Unfortunately, such Streaming replication alone does not guarantee that users will not experience downtime (“High Availability”) when the server is down. If the primary node fails or becomes inaccessible, then a method is required to promote one of the read replicas to be the new Leader node. And the faster this process happens, the smaller the free time the user has to wait and is called Automatic Failover. Automatic Failover refers to a mechanism by which the system detects that when a primary database fails, it completely removes it from rotation, moves a read-only replica to the primary state immediately, and ensures remaining aware of the new state of the system.

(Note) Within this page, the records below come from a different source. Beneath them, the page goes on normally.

lemma positive_Y_lim: "positive_op ipF Y_lim"
  unfolding positive_op_def
proof
  fix x
  have lim: "(\<lambda>k. ipF (Y k x) x) \<longlonglongrightarrow> ipF (Y_lim x) x" by (rule hconv_ip_left[OF Y_lim])
  have "(\<lambda>k. Im (ipF (Y k x) x)) \<longlonglongrightarrow> Im (ipF (Y_lim x) x)" by (rule tendsto_Im[OF lim])
  moreover have "(\<lambda>k. Im (ipF (Y k x) x)) = (\<lambda>k. 0)" using positive_Y by (simp add: positive_op_def)
  ultimately have "Im (ipF (Y_lim x) x) = 0" using LIMSEQ_unique tendsto_const by metis
  moreover have "0 \<le> Re (ipF (Y_lim x) x)"
    by (rule LIMSEQ_le_const[OF tendsto_Re[OF lim]]) (use Y_Re_bounds in blast)
  ultimately show "Im (ipF (Y_lim x) x) = 0 \<and> 0 \<le> Re (ipF (Y_lim x) x)" by simp
qed

lemma Y_lim_commute:
  assumes "lin L" "\<And>x. nm (L x) \<le> KL * nm x" "\<And>x. L (T x) = T (L x)"
  shows "L (Y_lim x) = Y_lim (L x)"
proof -
  have "hconv ipF (\<lambda>k. L (Y k x)) (L (Y_lim x))" by (rule hconv_linear[OF assms(1,2) Y_lim])
  then show ?thesis using Y_lim hconv_unique by (simp add: poly_op_commute[OF assms(1,3)])
qed

lemma Y_lim_fixpoint: "Y_lim x = sb (1/2) (Bop x + Y_lim (Y_lim x))"
proof -
  have "hconv ipF (\<lambda>k. Y k (Y k x)) (Y_lim (Y_lim x))"
    unfolding hconv_def
  proof (rule LIMSEQ_0_by_bound)
    show "(\<lambda>k. nm (Y k x - Y_lim x) + nm (Y k (Y_lim x) - Y_lim (Y_lim x))) \<longlonglongrightarrow> 0"
      using tendsto_add[OF Y_lim[of x, unfolded hconv_def] Y_lim[of "Y_lim x", unfolded hconv_def]] by simp
    fix k
    have "Y k (Y k x) - Y_lim (Y_lim x) = Y k (Y k x - Y_lim x) + (Y k (Y_lim x) - Y_lim (Y_lim x))"
      by (simp add: VP.linear_diff[OF linear_poly_op])
    then have "nm (Y k (Y k x) - Y_lim (Y_lim x))
        \<le> nm (Y k (Y k x - Y_lim x)) + nm (Y k (Y_lim x) - Y_lim (Y_lim x))"
      using nm_triangle by metis
    then show "norm (nm (Y k (Y k x) - Y_lim (Y_lim x)))
        \<le> nm (Y k x - Y_lim x) + nm (Y k (Y_lim x) - Y_lim (Y_lim x))"
      using Y_norm_le[of k "Y k x - Y_lim x"] by simp
  qed
  then have "hconv ipF (\<lambda>k. Y (Suc k) x) (sb (1/2) (Bop x + Y_lim (Y_lim x)))"
    unfolding Y_Suc by (intro hconv_scale hconv_add) (simp_all add: hconv_def)
  moreover have "hconv ipF (\<lambda>k. Y (Suc k) x) (Y_lim x)"
    using Y_lim unfolding hconv_def by (rule LIMSEQ_Suc)
  ultimately show ?thesis using hconv_unique by metis
qed

definition root :: "'a \<Rightarrow> 'a" where
  "root x = sb (complex_of_real (sqrt K)) (x - Y_lim x)"

lemma linear_root: "lin root"
  unfolding root_def[abs_def]
  by (intro VP.linear_compose_scale_right VP.linear_compose_sub V.linear_ident linear_Y_lim)

lemma root_root: "root (root x) = T x"
proof -
  let ?c = "complex_of_real (sqrt K)"
  have "sb 2 (Y_lim x) = Bop x + Y_lim (Y_lim x)" by (subst Y_lim_fixpoint) simp
  then have "x - Y_lim x - Y_lim (x - Y_lim x) = x - Bop x"
    by (simp add: VP.linear_diff[OF linear_Y_lim] two_scale algebra_simps)
  also have "\<dots> = sb (complex_of_real (1 / K)) (T x)" by (simp add: Bop_def)
  finally have fixpoint: "x - Y_lim x - Y_lim (x - Y_lim x) = sb (complex_of_real (1 / K)) (T x)" .
  have "root (root x) = sb ?c (sb ?c (x - Y_lim x - Y_lim (x - Y_lim x)))"
    unfolding root_def VP.linear_scale[OF linear_Y_lim] by (simp only: V.scale_right_diff_distrib)
  also have "\<dots> = sb (?c * ?c * complex_of_real (1 / K)) (T x)" by (simp add: fixpoint mult.assoc)
  also have "?c * ?c * complex_of_real (1 / K) = 1" using K_pos by (simp flip: of_real_mult)
  finally show ?thesis by simp
qed

lemma positive_root: "positive_op ipF root"
  unfolding positive_op_def
proof
  fix x
  have "Re (ipF (Y_lim x) x) \<le> Re (ipF x x)"
    using ip_Re_le_of_bound[where T = Y_lim and K = 1 and x = x] Y_lim_norm_le[of x] by (simp add: nm_power2)
  moreover have "Im (ipF (Y_lim x) x) = 0" using positive_Y_lim by (simp add: positive_op_def)
  ultimately show "Im (ipF (root x) x) = 0 \<and> 0 \<le> Re (ipF (root x) x)"
    using K_pos by (simp add: root_def)
qed

lemma root_norm_le: "nm (root x) \<le> (2 * sqrt K) * nm x"
proof -
  have "nm (x - Y_lim x) \<le> 2 * nm x" using nm_diff_le[of x "Y_lim x"] Y_lim_norm_le[of x] by simp
  then show ?thesis using K_pos by (simp add: root_def mult_left_mono)
qed

lemma root_commute:
  assumes "lin L" "\<And>x. nm (L x) \<le> KL * nm x" "\<And>x. L (T x) = T (L x)"
  shows "L (root x) = root (L x)"
  using Y_lim_commute[OF assms]
  by (simp add: root_def VP.linear_scale[OF assms(1)] VP.linear_diff[OF assms(1)])

text \<open>For another positive root \<open>R\<close> (which commutes with \<open>T\<close> and hence with \<open>root\<close>), the vector
  \<open>y = root x - R x\<close> satisfies \<open>root y + R y = T x - T x = 0\<close>; positivity forces \<open>root y = R y = 0\<close>,
  so \<open>\<langle>y, y\<rangle> = \<langle>x, root y\<rangle> - \<langle>x, R y\<rangle> = 0\<close>.\<close>

lemma root_unique:
  assumes "bounded_op sb ipF R" "positive_op ipF R" "R \<circ> R = T"
  shows "R = root"
proof
  fix x
  have linR: "lin R" using assms(1) by (simp add: bounded_op_def)
  obtain KR where KR: "\<And>x. nm (R x) \<le> KR * nm x" using assms(1) by (auto simp: bounded_op_def)
  have RR: "R (R z) = T z" for z using fun_cong[OF assms(3), of z] by simp
  have comm: "R (root z) = root (R z)" for z
    by (rule root_commute[OF linR KR]) (metis RR)
  define y where "y = root x - R x"
  have "root y + R y = 0"
    by (simp add: y_def VP.linear_diff[OF linear_root] VP.linear_diff[OF linR] root_root RR comm)
  then have "ipF (root y) y + ipF (R y) y = 0" by (metis ip_add_left ip_zero_left)
  then have "Re (ipF (root y) y) + Re (ipF (R y) y) = 0" by (metis plus_complex.sel(1) zero_complex.sel(1))
  moreover have "0 \<le> Re (ipF (root y) y)" "0 \<le> Re (ipF (R y) y)"
    using positive_root assms(2) by (simp_all add: positive_op_def)
  ultimately have "root y = 0" "R y = 0"
    using positive_op_Re_eq_0[OF linear_root positive_root, of y] positive_op_Re_eq_0[OF linR assms(2), of y]
    by linarith+
  have "ipF y y = ipF (root x) y - ipF (R x) y" by (simp only: y_def ip_diff_left)
  also have "\<dots> = ipF x (root y) - ipF x (R y)"
    by (simp only: positive_op_selfadjoint[OF linear_root positive_root]
        positive_op_selfadjoint[OF linR assms(2)])
  also have "\<dots> = 0" using \<open>root y = 0\<close> \<open>R y = 0\<close> by simp
  finally show "R x = root x" using ip_self_eq_0[of y] by (simp add: y_def)
qed

lemma pos_sqrt_eq_root: "pos_sqrt sb ipF T = root"
  unfolding pos_sqrt_def
proof (rule the_equality)
  show "bounded_op sb ipF root \<and> positive_op ipF root \<and> root \<circ> root = T"
    using linear_root root_norm_le positive_root root_root by (auto simp: bounded_op_def)
qed (use root_unique in blast)

end

context hilbert
begin

lemma sqrt_construction_of_bounded_positive:
  assumes "bounded_op sb ipF T" "positive_op ipF T"
  obtains K where "sqrt_construction sb ipF T K"
proof -
  obtain K where K: "\<And>x. nm (T x) \<le> K * nm x" using assms(1) by (auto simp: bounded_op_def)
  have "nm (T x) \<le> max K 1 * nm x" for x
    using K[of x] mult_right_mono[of K "max K 1" "nm x"] by simp
  then have "sqrt_construction sb ipF T (max K 1)"
    using assms by (intro sqrt_construction.intro sqrt_construction_axioms.intro hilbert_axioms)
      (simp_all add: bounded_op_def)
  then show ?thesis by (rule that)
qed

lemma pos_sqrt_bounded_positive:
  assumes "bounded_op sb ipF T" "positive_op ipF T"
  shows "bounded_op sb ipF (pos_sqrt sb ipF T)" "positive_op ipF (pos_sqrt sb ipF T)"
    "pos_sqrt sb ipF T \<circ> pos_sqrt sb ipF T = T"
proof -
  obtain K where "sqrt_construction sb ipF T K"
    using sqrt_construction_of_bounded_positive[OF assms] by blast
  then interpret sqrt_construction sb ipF T K .
  show "bounded_op sb ipF (pos_sqrt sb ipF T)" "positive_op ipF (pos_sqrt sb ipF T)"
    "pos_sqrt sb ipF T \<circ> pos_sqrt sb ipF T = T"
    using linear_root root_norm_le positive_root root_root
    by (auto simp: pos_sqrt_eq_root bounded_op_def fun_eq_iff)
qed

lemma pos_sqrt_commute:
  assumes "bounded_op sb ipF T" "positive_op ipF T" "bounded_op sb ipF L" "L \<circ> T = T \<circ> L"
  shows "L \<circ> pos_sqrt sb ipF T = pos_sqrt sb ipF T \<circ> L"
proof -
  obtain K where "sqrt_construction sb ipF T K"
    using sqrt_construction_of_bounded_positive[OF assms(1,2)] by blast
  then interpret sqrt_construction sb ipF T K .
  obtain KL where "\<And>x. nm (L x) \<le> KL * nm x" using assms(3) by (auto simp: bounded_op_def)
  then show ?thesis
    using root_commute[of L KL] assms(3,4) by (auto simp: pos_sqrt_eq_root bounded_op_def fun_eq_iff)
qed

end

section \<open>Controlled frames\<close>

context hilbert
begin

There are a number of third-party solutions that provide HA and Automatic Failover for PostgreSQL, many of which work well with TimescaleDB because they take advantage of streaming replication. In this article, I choose Patroni because of its simple architecture and implementation of load balancing in the direction of modularization. Patroni performs health checks on PostgreSQL nodes and allows you to use Kubernetes, AWS ELB, HA Proxy or another proxy solution to handle load balancing.
3. Learn about Patroni
Patroni’s core architecture is as follows:
Each PostgreSQL node has a Patroni bot deployed on it. The bots are capable of both managing the PostgreSQL database and updating the distributed consensus system (etcd, Zookeeper, Consul, and the Kubernetes API supported by etcd, are perfectly good options). etcd must be implemented under a Raft-based consensus algorithm. This requires a minimum deployment of 3 etcd nodes.

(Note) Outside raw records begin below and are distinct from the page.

definition A_TW :: "'m::euclidean_space itself \<Rightarrow> (real \<Rightarrow> real) \<Rightarrow> (real \<Rightarrow> real) \<Rightarrow> (real \<Rightarrow> real) \<Rightarrow> real \<Rightarrow> bool" where
  "A_TW _ J f \<phi> c \<longleftrightarrow>
     continuous_on UNIV \<phi> \<and> strict_mono \<phi> \<and> c > 0 \<and>
     (\<forall>s. (\<phi> has_real_derivative
            (conv (J1 J TYPE('m)) \<phi> s - \<phi> s + f (\<phi> s)) / c) (at s)) \<and>
     (\<phi> \<longlongrightarrow> 0) at_bot \<and> (\<phi> \<longlongrightarrow> 1) at_top"

definition A_nd :: "(real \<Rightarrow> real) \<Rightarrow> (real \<Rightarrow> real) \<Rightarrow> ('a \<Rightarrow> 'a \<Rightarrow> real) \<Rightarrow> 'a::euclidean_space set \<Rightarrow> bool" where
  "A_nd J f' \<delta> \<Omega> \<longleftrightarrow> ennreal (Sup (f' ` {0..1})) < (INF x\<in>\<Omega>. calJ J \<delta> \<Omega> x)"

definition Besov_1inf :: "real \<Rightarrow> ('a \<Rightarrow> 'a \<Rightarrow> real) \<Rightarrow> 'a::euclidean_space set \<Rightarrow> (real \<Rightarrow> real) \<Rightarrow> bool" where
  "Besov_1inf \<alpha> \<delta> \<Omega> g \<longleftrightarrow>
     integrable (lborel :: 'a measure) (\<lambda>z. g (norm z)) \<and>
     (\<exists>C. \<forall>y\<in>\<Omega>. \<forall>z\<in>\<Omega>. y \<noteq> z \<longrightarrow>
        L1dist_on \<Omega> (\<lambda>w. g (\<delta> y w)) (\<lambda>w. g (\<delta> z w)) \<le> ennreal (C * dist y z powr \<alpha>))"

end

theory Submission
  imports Defs
begin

Leader node election is done by generating expiring key in etcd. The first PostgreSQL node that generates the etcd key through its Patroni bot becomes primary. All other nodes will see that a primary node has been selected and Patroni bots will establish PostgreSQL instances as replicas.
primary key has a short TTL attached to it. The Patroni primary bot must constantly check its PostgreSQL instance health and update the primary key. Cases that can happen:
- (a) disconnection button
- (b) database failure
- (c) bot dies, key will expire
This will cause the primary key to be completely removed from the cluster. When the replicas find that there is no primary key, each replica tries to become the primary key through information exchange between Patroni bots. The bots will then choose a clear candidate for promotion or both will race to get promoted to Primary.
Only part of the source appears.